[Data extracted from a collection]
*** Block opens ***

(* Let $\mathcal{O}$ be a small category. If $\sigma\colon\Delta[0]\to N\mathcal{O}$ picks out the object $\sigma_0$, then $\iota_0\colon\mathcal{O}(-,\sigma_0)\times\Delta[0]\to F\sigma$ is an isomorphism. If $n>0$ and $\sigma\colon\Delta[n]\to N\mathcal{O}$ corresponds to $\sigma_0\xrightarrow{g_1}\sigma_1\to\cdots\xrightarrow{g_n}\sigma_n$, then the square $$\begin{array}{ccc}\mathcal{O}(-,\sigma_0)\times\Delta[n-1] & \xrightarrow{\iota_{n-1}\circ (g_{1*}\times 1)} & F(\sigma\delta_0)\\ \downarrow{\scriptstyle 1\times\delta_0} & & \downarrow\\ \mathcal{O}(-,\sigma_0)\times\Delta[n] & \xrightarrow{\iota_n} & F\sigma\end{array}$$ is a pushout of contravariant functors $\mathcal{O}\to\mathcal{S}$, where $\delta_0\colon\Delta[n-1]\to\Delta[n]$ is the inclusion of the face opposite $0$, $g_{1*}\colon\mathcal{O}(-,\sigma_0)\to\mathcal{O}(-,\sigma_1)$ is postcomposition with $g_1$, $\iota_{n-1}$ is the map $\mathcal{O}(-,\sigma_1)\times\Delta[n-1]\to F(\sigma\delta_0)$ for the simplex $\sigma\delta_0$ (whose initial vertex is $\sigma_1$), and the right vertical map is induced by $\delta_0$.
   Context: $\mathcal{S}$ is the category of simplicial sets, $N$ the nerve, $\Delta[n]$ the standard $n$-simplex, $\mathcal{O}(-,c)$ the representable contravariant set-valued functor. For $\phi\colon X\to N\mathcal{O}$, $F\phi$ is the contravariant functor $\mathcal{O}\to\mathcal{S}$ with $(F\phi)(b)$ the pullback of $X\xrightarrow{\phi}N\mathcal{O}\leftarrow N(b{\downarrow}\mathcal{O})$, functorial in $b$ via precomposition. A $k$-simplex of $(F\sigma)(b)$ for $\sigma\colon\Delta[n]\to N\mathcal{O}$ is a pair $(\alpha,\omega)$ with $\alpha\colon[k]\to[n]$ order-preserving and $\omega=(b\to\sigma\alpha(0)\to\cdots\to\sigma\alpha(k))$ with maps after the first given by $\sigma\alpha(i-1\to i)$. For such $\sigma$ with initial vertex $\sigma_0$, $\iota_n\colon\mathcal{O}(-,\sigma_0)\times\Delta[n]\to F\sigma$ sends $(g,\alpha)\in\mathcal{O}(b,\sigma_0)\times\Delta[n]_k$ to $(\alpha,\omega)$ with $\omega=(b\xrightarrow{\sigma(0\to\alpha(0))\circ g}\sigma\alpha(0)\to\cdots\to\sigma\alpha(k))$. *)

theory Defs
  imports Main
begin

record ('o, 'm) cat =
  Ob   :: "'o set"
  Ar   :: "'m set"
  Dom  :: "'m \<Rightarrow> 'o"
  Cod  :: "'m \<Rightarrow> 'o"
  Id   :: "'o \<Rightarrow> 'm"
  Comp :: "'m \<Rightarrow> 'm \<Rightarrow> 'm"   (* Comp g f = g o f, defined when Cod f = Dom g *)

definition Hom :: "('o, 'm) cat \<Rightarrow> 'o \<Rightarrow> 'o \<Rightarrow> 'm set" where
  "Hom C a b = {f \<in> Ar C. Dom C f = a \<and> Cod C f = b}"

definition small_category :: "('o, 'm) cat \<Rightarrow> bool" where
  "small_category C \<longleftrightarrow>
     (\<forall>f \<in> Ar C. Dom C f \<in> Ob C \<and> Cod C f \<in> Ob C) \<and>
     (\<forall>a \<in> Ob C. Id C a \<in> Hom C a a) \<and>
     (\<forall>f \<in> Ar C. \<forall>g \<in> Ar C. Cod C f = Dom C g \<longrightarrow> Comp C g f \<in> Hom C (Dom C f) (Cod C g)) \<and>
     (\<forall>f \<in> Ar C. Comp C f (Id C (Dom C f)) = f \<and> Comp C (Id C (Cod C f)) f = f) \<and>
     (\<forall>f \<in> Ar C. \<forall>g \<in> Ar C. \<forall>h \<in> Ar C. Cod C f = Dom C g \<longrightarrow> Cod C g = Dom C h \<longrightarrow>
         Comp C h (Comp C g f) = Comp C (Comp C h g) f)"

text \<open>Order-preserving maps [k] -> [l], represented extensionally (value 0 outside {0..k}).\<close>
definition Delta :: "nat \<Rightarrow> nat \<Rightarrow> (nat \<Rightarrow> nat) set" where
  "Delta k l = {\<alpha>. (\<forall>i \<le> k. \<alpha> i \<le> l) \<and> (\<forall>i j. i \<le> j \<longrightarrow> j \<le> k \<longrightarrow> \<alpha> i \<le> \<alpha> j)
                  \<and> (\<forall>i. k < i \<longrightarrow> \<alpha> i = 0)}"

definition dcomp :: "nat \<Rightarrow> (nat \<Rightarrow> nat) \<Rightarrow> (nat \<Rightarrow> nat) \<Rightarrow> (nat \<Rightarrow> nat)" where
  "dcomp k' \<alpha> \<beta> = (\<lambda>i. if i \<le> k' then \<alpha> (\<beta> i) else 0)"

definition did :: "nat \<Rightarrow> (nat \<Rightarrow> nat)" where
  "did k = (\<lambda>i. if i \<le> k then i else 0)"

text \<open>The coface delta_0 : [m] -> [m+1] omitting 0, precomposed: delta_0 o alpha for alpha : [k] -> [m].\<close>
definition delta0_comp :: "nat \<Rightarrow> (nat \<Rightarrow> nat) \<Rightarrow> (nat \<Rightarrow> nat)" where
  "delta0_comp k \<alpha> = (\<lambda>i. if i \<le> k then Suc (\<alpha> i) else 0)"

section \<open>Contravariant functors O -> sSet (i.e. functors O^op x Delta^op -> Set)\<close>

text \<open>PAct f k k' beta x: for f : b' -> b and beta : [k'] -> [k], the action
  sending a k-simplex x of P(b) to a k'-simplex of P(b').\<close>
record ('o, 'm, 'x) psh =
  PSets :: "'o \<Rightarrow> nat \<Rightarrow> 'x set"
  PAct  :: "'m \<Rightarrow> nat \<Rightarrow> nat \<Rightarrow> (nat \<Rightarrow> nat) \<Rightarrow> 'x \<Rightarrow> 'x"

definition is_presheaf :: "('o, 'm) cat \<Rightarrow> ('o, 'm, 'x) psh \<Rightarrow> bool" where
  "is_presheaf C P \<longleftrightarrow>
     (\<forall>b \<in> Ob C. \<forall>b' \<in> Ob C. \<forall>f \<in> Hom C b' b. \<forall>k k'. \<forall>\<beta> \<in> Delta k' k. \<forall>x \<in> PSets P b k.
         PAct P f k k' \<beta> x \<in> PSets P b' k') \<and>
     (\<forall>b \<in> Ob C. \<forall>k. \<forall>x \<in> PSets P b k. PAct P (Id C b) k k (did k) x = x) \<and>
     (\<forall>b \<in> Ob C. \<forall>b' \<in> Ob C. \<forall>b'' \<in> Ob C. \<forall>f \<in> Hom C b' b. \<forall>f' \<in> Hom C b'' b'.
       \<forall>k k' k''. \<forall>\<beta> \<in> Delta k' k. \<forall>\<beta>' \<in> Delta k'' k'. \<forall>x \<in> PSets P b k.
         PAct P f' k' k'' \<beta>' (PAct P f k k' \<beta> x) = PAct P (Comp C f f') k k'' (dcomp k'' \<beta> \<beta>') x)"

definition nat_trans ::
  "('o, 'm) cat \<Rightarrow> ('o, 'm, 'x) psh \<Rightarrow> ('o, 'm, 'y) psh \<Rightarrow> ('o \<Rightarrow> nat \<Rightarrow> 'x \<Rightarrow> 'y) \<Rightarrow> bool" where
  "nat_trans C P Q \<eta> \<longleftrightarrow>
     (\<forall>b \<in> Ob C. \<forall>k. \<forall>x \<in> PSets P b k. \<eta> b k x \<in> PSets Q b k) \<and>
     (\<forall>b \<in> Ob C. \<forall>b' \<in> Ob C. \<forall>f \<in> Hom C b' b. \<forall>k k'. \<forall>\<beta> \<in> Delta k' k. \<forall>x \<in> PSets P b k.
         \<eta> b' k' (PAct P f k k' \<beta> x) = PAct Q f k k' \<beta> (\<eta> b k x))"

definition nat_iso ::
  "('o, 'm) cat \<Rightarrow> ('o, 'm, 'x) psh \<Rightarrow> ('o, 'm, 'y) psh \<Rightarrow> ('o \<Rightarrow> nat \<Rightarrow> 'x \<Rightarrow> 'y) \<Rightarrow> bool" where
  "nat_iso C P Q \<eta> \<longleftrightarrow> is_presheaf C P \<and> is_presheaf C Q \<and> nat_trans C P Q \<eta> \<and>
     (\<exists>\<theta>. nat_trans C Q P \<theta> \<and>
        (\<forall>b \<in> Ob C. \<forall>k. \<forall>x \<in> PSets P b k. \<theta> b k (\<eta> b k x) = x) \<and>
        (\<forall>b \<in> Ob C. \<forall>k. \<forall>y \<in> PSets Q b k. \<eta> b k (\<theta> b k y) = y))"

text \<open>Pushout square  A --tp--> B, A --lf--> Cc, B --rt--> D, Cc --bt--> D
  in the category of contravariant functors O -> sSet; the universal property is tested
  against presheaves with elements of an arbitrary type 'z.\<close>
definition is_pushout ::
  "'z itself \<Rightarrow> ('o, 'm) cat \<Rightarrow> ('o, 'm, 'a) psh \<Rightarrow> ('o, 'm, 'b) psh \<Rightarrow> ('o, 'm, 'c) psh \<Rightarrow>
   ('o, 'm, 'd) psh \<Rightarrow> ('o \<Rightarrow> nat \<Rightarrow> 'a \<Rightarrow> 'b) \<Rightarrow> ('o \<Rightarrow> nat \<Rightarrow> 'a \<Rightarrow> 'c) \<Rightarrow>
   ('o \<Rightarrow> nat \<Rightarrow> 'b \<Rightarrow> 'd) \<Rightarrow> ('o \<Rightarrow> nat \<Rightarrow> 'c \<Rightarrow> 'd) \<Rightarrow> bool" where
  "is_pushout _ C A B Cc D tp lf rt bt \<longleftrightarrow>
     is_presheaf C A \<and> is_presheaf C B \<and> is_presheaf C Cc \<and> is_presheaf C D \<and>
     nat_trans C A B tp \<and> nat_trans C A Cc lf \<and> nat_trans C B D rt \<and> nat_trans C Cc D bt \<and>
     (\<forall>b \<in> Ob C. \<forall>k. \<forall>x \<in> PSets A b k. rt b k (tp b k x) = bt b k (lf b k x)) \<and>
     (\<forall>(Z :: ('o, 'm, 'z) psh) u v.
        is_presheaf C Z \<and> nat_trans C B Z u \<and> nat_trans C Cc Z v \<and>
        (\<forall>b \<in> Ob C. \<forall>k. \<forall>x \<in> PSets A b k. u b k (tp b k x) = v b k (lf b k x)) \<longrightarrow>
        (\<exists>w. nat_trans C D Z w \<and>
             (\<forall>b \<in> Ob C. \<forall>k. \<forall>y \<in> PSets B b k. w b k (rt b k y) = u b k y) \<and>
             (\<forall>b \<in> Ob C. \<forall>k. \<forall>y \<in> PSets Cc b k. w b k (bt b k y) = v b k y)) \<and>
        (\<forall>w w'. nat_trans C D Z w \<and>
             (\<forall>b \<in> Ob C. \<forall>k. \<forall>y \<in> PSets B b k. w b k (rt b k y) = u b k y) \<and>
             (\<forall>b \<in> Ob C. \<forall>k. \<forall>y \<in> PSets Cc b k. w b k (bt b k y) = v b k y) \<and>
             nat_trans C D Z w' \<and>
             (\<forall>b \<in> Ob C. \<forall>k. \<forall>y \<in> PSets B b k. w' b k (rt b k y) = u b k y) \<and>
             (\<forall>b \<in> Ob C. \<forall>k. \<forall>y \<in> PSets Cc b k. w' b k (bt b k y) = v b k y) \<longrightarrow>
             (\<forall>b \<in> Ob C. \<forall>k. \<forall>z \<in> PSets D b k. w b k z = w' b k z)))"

*** Block closes ***

▸ **TASK PROMPT**: State the number of lines in these entries where the word "longleftrightarrow" occurs, without any other words.

▸ **EXERCISE OUTPUT**: 5